Mike Fisher, identifié comme un invité de l'hôtel Meliá Internacional de Varadero, a partagé plusieurs photos du buffet du dîner de l'établissement, où plus de 1 300 personnes d'Argentine, du Portugal, du Mexique, du Canada, d'Espagne et de Cuba profitaient d'une table garnie d'options.
«Cordero, poulet, porc, poisson, thon... absolument tout dans ce buffet», a écrit Fisher, qui a également énuméré des bâtonnets de pain, des pâtes, des gâteaux et des desserts parmi l'offre disponible.
Le contraste avec la réalité vécue par la population cubaine ne peut pas être plus brutal.
Selon le rapport En Cuba Hay Hambre 2025 du Food Monitor Program, 33,9% des foyers cubains ont déclaré avoir récemment souffert de la faim, et 96,91% de la population a perdu un accès adéquat aux aliments en raison de l'inflation et de la perte de pouvoir d'achat.
Seulement 57,6% des Cubains parviennent à prendre trois repas par jour, tandis qu'un 3,7% atteint à peine un repas quotidien, selon le même rapport.
Une enquête nationale a révélé qu'une famille cubaine sur trois est allée se coucher sans avoir mangé, selon Diario de Cuba.
Le riz dépasse les 400 pesos cubains par livre sur le marché informel, dans un pays où le salaire d'État moyen tourne autour de 7 000 pesos par mois.
Cette disparité n'est pas le fruit du hasard : elle répond à une politique délibérée du régime.
Le conglomérat militaire GAESA, qui contrôle l'économie cubaine, a investi 13,8 fois plus dans les hôtels que dans la santé publique au cours des 15 dernières années, avec un total de 24 200 millions de dollars destinés au secteur touristique.
En 2024, le régime a alloué près de 40% de ses investissements totaux au tourisme, tandis que l'agriculture n'a reçu qu'un 2,7%.
En attendant, jusqu'à 20 000 tonnes de nourriture donnés par l'ONU restent non distribuées sur l'île en raison du manque de carburant, et les coupures de courant allant jusqu'à 22 heures par jour affectent la préparation des repas dans 80,4% des foyers.
L'engagement du régime en faveur du tourisme, cependant, est en train de s'effondrer.
L'occupation hôtelière a chuté à 21,5% en 2026, et Meliá Hotels International a annoncé le 3 juin l'abandon de 15 hôtels à Cuba en raison des sanctions de l'administration Trump contre GAESA, résultant de l'Ordre Exécutif 14404 signé le 1er mai 2026.

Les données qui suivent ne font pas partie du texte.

(* Let $\Gamma$ be a metrized graph with $v$ vertices. If $v=2$ then $Kf(\Gamma)=y(\Gamma)$; if $v=3$ then $Kf(\Gamma)=2y(\Gamma)$.
   Context: A metrized graph $\Gamma$ is a finite connected graph (multiple edges and self-loops allowed) each of whose edges is identified with a closed segment of positive length, with a finite nonempty vertex set $V(\Gamma)$ containing every point of valence $\neq2$; $v=\#V(\Gamma)$, $L_i$ the length of $e_i$, $r$ the effective resistance (edges as resistors of resistance equal to length). $Kf(\Gamma)=\frac12\sum_{p,q\in V(\Gamma)}r(p,q)$. For an edge $e_i$ with end points $p_i,q_i$: if $\Gamma-e_i$ (interior deleted) is connected, $R_i$ is the effective resistance between $p_i,q_i$ in $\Gamma-e_i$, $R_{a_i,p}=\hat j_{p_i}(p,q_i)$, $R_{b_i,p}=\hat j_{q_i}(p,p_i)$ with $\hat j_z(x,y)$ the voltage function of $\Gamma-e_i$ (potential at $x$ when unit current enters at $y$ and exits at $z$, potential $0$ at $z$); if $e_i$ is a bridge, $R_{a_i,p}=0,R_{b_i,p}=R_i$ for $p$ in the component of $\Gamma-e_i$ containing $p_i$ and $R_{a_i,p}=R_i,R_{b_i,p}=0$ otherwise, with every expression in $R_i$ interpreted as its limit as $R_i\to\infty$; for a self-loop $R_i=0$. For a fixed vertex $p$ (independent of choice), $y(\Gamma)=\frac14\sum_{e_i}\frac{L_iR_i^2}{(L_i+R_i)^2}+\frac34\sum_{e_i}\frac{L_i(R_{a_i,p}-R_{b_i,p})^2}{(L_i+R_i)^2}$. *)

theory Defs
  imports Complex_Main
begin

text \<open>A metrized graph is modelled by its combinatorial model: a finite nonempty vertex
set V, a finite set E of edge labels, endpoint map ends (first endpoint p_e, second q_e;
multiple edges and self-loops allowed) and positive lengths L.  Interior points of edges
have valence 2, so V contains every point of valence other than 2.\<close>

definition adj_rel :: "'e set \<Rightarrow> ('e \<Rightarrow> 'v \<times> 'v) \<Rightarrow> ('v \<times> 'v) set" where
  "adj_rel E ends = {(x, y). \<exists>e\<in>E. ends e = (x, y) \<or> ends e = (y, x)}"

definition graph_connected :: "'v set \<Rightarrow> 'e set \<Rightarrow> ('e \<Rightarrow> 'v \<times> 'v) \<Rightarrow> bool" where
  "graph_connected V E ends \<longleftrightarrow> (\<forall>x\<in>V. \<forall>y\<in>V. (x, y) \<in> (adj_rel E ends)\<^sup>*)"

definition metrized_graph ::
  "'v set \<Rightarrow> 'e set \<Rightarrow> ('e \<Rightarrow> 'v \<times> 'v) \<Rightarrow> ('e \<Rightarrow> real) \<Rightarrow> bool" where
  "metrized_graph V E ends L \<longleftrightarrow>
     finite V \<and> V \<noteq> {} \<and> finite E \<and>
     (\<forall>e\<in>E. fst (ends e) \<in> V \<and> snd (ends e) \<in> V \<and> L e > 0) \<and>
     graph_connected V E ends"

text \<open>Current flowing out of vertex x through edge e under potential phi
(edge e is a resistor of resistance L e).\<close>
definition edge_outflow ::
  "('e \<Rightarrow> 'v \<times> 'v) \<Rightarrow> ('e \<Rightarrow> real) \<Rightarrow> ('v \<Rightarrow> real) \<Rightarrow> 'e \<Rightarrow> 'v \<Rightarrow> real" where
  "edge_outflow ends L phi e x =
     (if fst (ends e) = x then (phi x - phi (snd (ends e))) / L e else 0) +
     (if snd (ends e) = x then (phi x - phi (fst (ends e))) / L e else 0)"

text \<open>phi is a potential for unit current entering at a and exiting at b (Kirchhoff/Ohm).\<close>
definition is_potential ::
  "'v set \<Rightarrow> 'e set \<Rightarrow> ('e \<Rightarrow> 'v \<times> 'v) \<Rightarrow> ('e \<Rightarrow> real) \<Rightarrow> 'v \<Rightarrow> 'v \<Rightarrow> ('v \<Rightarrow> real) \<Rightarrow> bool" where
  "is_potential V E ends L a b phi \<longleftrightarrow>
     (\<forall>x\<in>V. (\<Sum>e\<in>E. edge_outflow ends L phi e x) =
             (if x = a then 1 else 0) - (if x = b then 1 else 0))"

text \<open>Voltage function j_z(x,y): potential at x when unit current enters at y and exits
at z, with potential 0 at z (normalised to 0 off V to make it unique).\<close>
definition volt ::
  "'v set \<Rightarrow> 'e set \<Rightarrow> ('e \<Rightarrow> 'v \<times> 'v) \<Rightarrow> ('e \<Rightarrow> real) \<Rightarrow> 'v \<Rightarrow> 'v \<Rightarrow> 'v \<Rightarrow> real" where
  "volt V E ends L z x y =
     (THE phi. is_potential V E ends L y z phi \<and> phi z = 0 \<and> (\<forall>u. u \<notin> V \<longrightarrow> phi u = 0)) x"

definition eff_res ::
  "'v set \<Rightarrow> 'e set \<Rightarrow> ('e \<Rightarrow> 'v \<times> 'v) \<Rightarrow> ('e \<Rightarrow> real) \<Rightarrow> 'v \<Rightarrow> 'v \<Rightarrow> real" where
  "eff_res V E ends L x y = volt V E ends L y x x"

definition kirchhoff_index ::
  "'v set \<Rightarrow> 'e set \<Rightarrow> ('e \<Rightarrow> 'v \<times> 'v) \<Rightarrow> ('e \<Rightarrow> real) \<Rightarrow> real" where
  "kirchhoff_index V E ends L = (1/2) * (\<Sum>p\<in>V. \<Sum>q\<in>V. eff_res V E ends L p q)"

text \<open>Quantities attached to edge e (Gamma - e has the same vertices and edges E - {e}).\<close>
definition is_bridge :: "'v set \<Rightarrow> 'e set \<Rightarrow> ('e \<Rightarrow> 'v \<times> 'v) \<Rightarrow> 'e \<Rightarrow> bool" where
  "is_bridge V E ends e \<longleftrightarrow> \<not> graph_connected V (E - {e}) ends"

definition R_edge :: "'v set \<Rightarrow> 'e set \<Rightarrow> ('e \<Rightarrow> 'v \<times> 'v) \<Rightarrow> ('e \<Rightarrow> real) \<Rightarrow> 'e \<Rightarrow> real" where
  "R_edge V E ends L e = eff_res V (E - {e}) ends L (fst (ends e)) (snd (ends e))"

definition R_a :: "'v set \<Rightarrow> 'e set \<Rightarrow> ('e \<Rightarrow> 'v \<times> 'v) \<Rightarrow> ('e \<Rightarrow> real) \<Rightarrow> 'e \<Rightarrow> 'v \<Rightarrow> real" where
  "R_a V E ends L e p = volt V (E - {e}) ends L (fst (ends e)) p (snd (ends e))"

definition R_b :: "'v set \<Rightarrow> 'e set \<Rightarrow> ('e \<Rightarrow> 'v \<times> 'v) \<Rightarrow> ('e \<Rightarrow> real) \<Rightarrow> 'e \<Rightarrow> 'v \<Rightarrow> real" where
  "R_b V E ends L e p = volt V (E - {e}) ends L (snd (ends e)) p (fst (ends e))"

text \<open>Bridge case: R_i is treated as a parameter t and the limit t \<rightarrow> \<infinity> is taken; for p in
the component of Gamma - e containing p_e, R_a = 0 and R_b = t, otherwise R_a = t, R_b = 0.\<close>
definition same_side :: "'e set \<Rightarrow> ('e \<Rightarrow> 'v \<times> 'v) \<Rightarrow> 'e \<Rightarrow> 'v \<Rightarrow> bool" where
  "same_side E ends e p \<longleftrightarrow> (fst (ends e), p) \<in> (adj_rel (E - {e}) ends)\<^sup>*"

definition y_term1 :: "'v set \<Rightarrow> 'e set \<Rightarrow> ('e \<Rightarrow> 'v \<times> 'v) \<Rightarrow> ('e \<Rightarrow> real) \<Rightarrow> 'e \<Rightarrow> real" where
  "y_term1 V E ends L e =
     (if is_bridge V E ends e
      then Lim at_top (\<lambda>t::real. L e * t\<^sup>2 / (L e + t)\<^sup>2)
      else (let R = R_edge V E ends L e in L e * R\<^sup>2 / (L e + R)\<^sup>2))"

definition y_term2 :: "'v set \<Rightarrow> 'e set \<Rightarrow> ('e \<Rightarrow> 'v \<times> 'v) \<Rightarrow> ('e \<Rightarrow> real) \<Rightarrow> 'e \<Rightarrow> 'v \<Rightarrow> real" where
  "y_term2 V E ends L e p =
     (if is_bridge V E ends e
      then Lim at_top (\<lambda>t::real.
             let ra = (if same_side E ends e p then 0 else t);
                 rb = (if same_side E ends e p then t else 0)
             in L e * (ra - rb)\<^sup>2 / (L e + t)\<^sup>2)
      else (let R = R_edge V E ends L e in
            L e * (R_a V E ends L e p - R_b V E ends L e p)\<^sup>2 / (L e + R)\<^sup>2))"

definition y_inv :: "'v set \<Rightarrow> 'e set \<Rightarrow> ('e \<Rightarrow> 'v \<times> 'v) \<Rightarrow> ('e \<Rightarrow> real) \<Rightarrow> 'v \<Rightarrow> real" where
  "y_inv V E ends L p =
     (1/4) * (\<Sum>e\<in>E. y_term1 V E ends L e) + (3/4) * (\<Sum>e\<in>E. y_term2 V E ends L e p)"

end

theory Submission
  imports Defs
begin

text \<open>On at most three vertices every potential is explicit. Parallel edges between \<open>x\<close> and
  \<open>y\<close> act as one resistor of conductance \<open>c(x,y) = \<Sum> 1/L\<^sub>e\<close>, and with
  \<open>\<sigma> = c(a,b) c(a,c) + c(a,b) c(b,c) + c(a,c) c(b,c)\<close> the potential \<open>j\<^sub>b(x,a)\<close> equals
  \<open>(c(a,c) + c(b,c))/\<sigma>\<close>, \<open>c(a,c)/\<sigma>\<close>, \<open>0\<close> at \<open>x = a, c, b\<close>. Deleting an edge \<open>e\<close>
  between \<open>a\<close> and \<open>b\<close> only lowers \<open>c(a,b)\<close> by \<open>1/L\<^sub>e\<close>, so both terms of \<open>y\<close>
  contributed by \<open>e\<close> collapse to \<open>r(a,b)\<^sup>2/L\<^sub>e = ((c(a,c) + c(b,c))/\<sigma>)\<^sup>2/L\<^sub>e\<close>, except that
  the second is \<open>((c(b,c) - c(a,c))/\<sigma>)\<^sup>2/L\<^sub>e\<close> when \<open>p\<close> is the third vertex; bridges fit the
  same formula and self-loops contribute nothing. Summing over the edges and comparing with
  \<open>Kf = 2 (c(a,b) + c(a,c) + c(b,c))/\<sigma>\<close> leaves a polynomial identity; two vertices are the
  degenerate case \<open>r(a,b) = 1/c(a,b)\<close>.\<close>

definition edges_between :: "'e set \<Rightarrow> ('e \<Rightarrow> 'v \<times> 'v) \<Rightarrow> 'v \<Rightarrow> 'v \<Rightarrow> 'e set" where
  "edges_between E ends x y = {e\<in>E. ends e = (x, y) \<or> ends e = (y, x)}"

definition conductance :: "'e set \<Rightarrow> ('e \<Rightarrow> 'v \<times> 'v) \<Rightarrow> ('e \<Rightarrow> real) \<Rightarrow> 'v \<Rightarrow> 'v \<Rightarrow> real" where
  "conductance E ends L x y = (\<Sum>e\<in>edges_between E ends x y. 1 / L e)"

lemma edges_between_commute: "edges_between E ends x y = edges_between E ends y x"
  unfolding edges_between_def by auto

lemma conductance_commute: "conductance E ends L x y = conductance E ends L y x"
  by (simp only: conductance_def edges_between_commute[of E ends x y])

lemma conductance_nonneg: "\<forall>e\<in>E. L e > 0 \<Longrightarrow> conductance E ends L x y \<ge> 0"
  unfolding conductance_def edges_between_def by (rule sum_nonneg) auto

lemma conductance_pos:
  assumes "finite E" "\<forall>e\<in>E. L e > 0" "e \<in> edges_between E ends x y"
  shows "conductance E ends L x y > 0"
  unfolding conductance_def using assms by (intro sum_pos2[of _ e]) (auto simp: edges_between_def)

lemma adj_rel_if_conductance_nonzero:
  assumes "conductance E ends L x y \<noteq> 0"
  shows "(x, y) \<in> adj_rel E ends"
proof (rule ccontr)
  assume "(x, y) \<notin> adj_rel E ends"
  then have "edges_between E ends x y = {}"
    unfolding edges_between_def adj_rel_def by auto
  then show False
    using assms by (simp add: conductance_def)
qed

lemma conductance_Diff_edge:
  assumes "finite E" "e \<in> E"
  shows "conductance E ends L x y =
    conductance (E - {e}) ends L x y + (if e \<in> edges_between E ends x y then 1 / L e else 0)"
proof -
  have "edges_between (E - {e}) ends x y = edges_between E ends x y - {e}"
    unfolding edges_between_def by auto
  then show ?thesis
    using assms by (simp add: conductance_def sum_diff1 edges_between_def)
qed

Malgré cet effondrement, la crise alimentaire oblige le régime à changer sa stratégie seulement de manière réactive et tardive : le gouvernement lui-même a admis en juin 2026 ne pas avoir pu distribuer d'huile, de poulet ni de yaourt dans le panier normé.
Ce n'est pas la première fois que des images de buffets d'hôtels suscitent l'indignation. En 2025, une vidéo sur TikTok de l'utilisateur @kary_y_jony a montré la table de l'hôtel Meliá Paradisus Los Cayos également débordante, déclenchant des réactions similaires sur l'abîme entre l'abondance pour les touristes et la pénurie que subit le peuple cubain.
La mortalité infantile à Cuba a doublé pour atteindre 9,9 pour chaque 1 000 naissances en 2026, un chiffre qui résume le coût humain de décennies de priorités mal orientées par la dictature.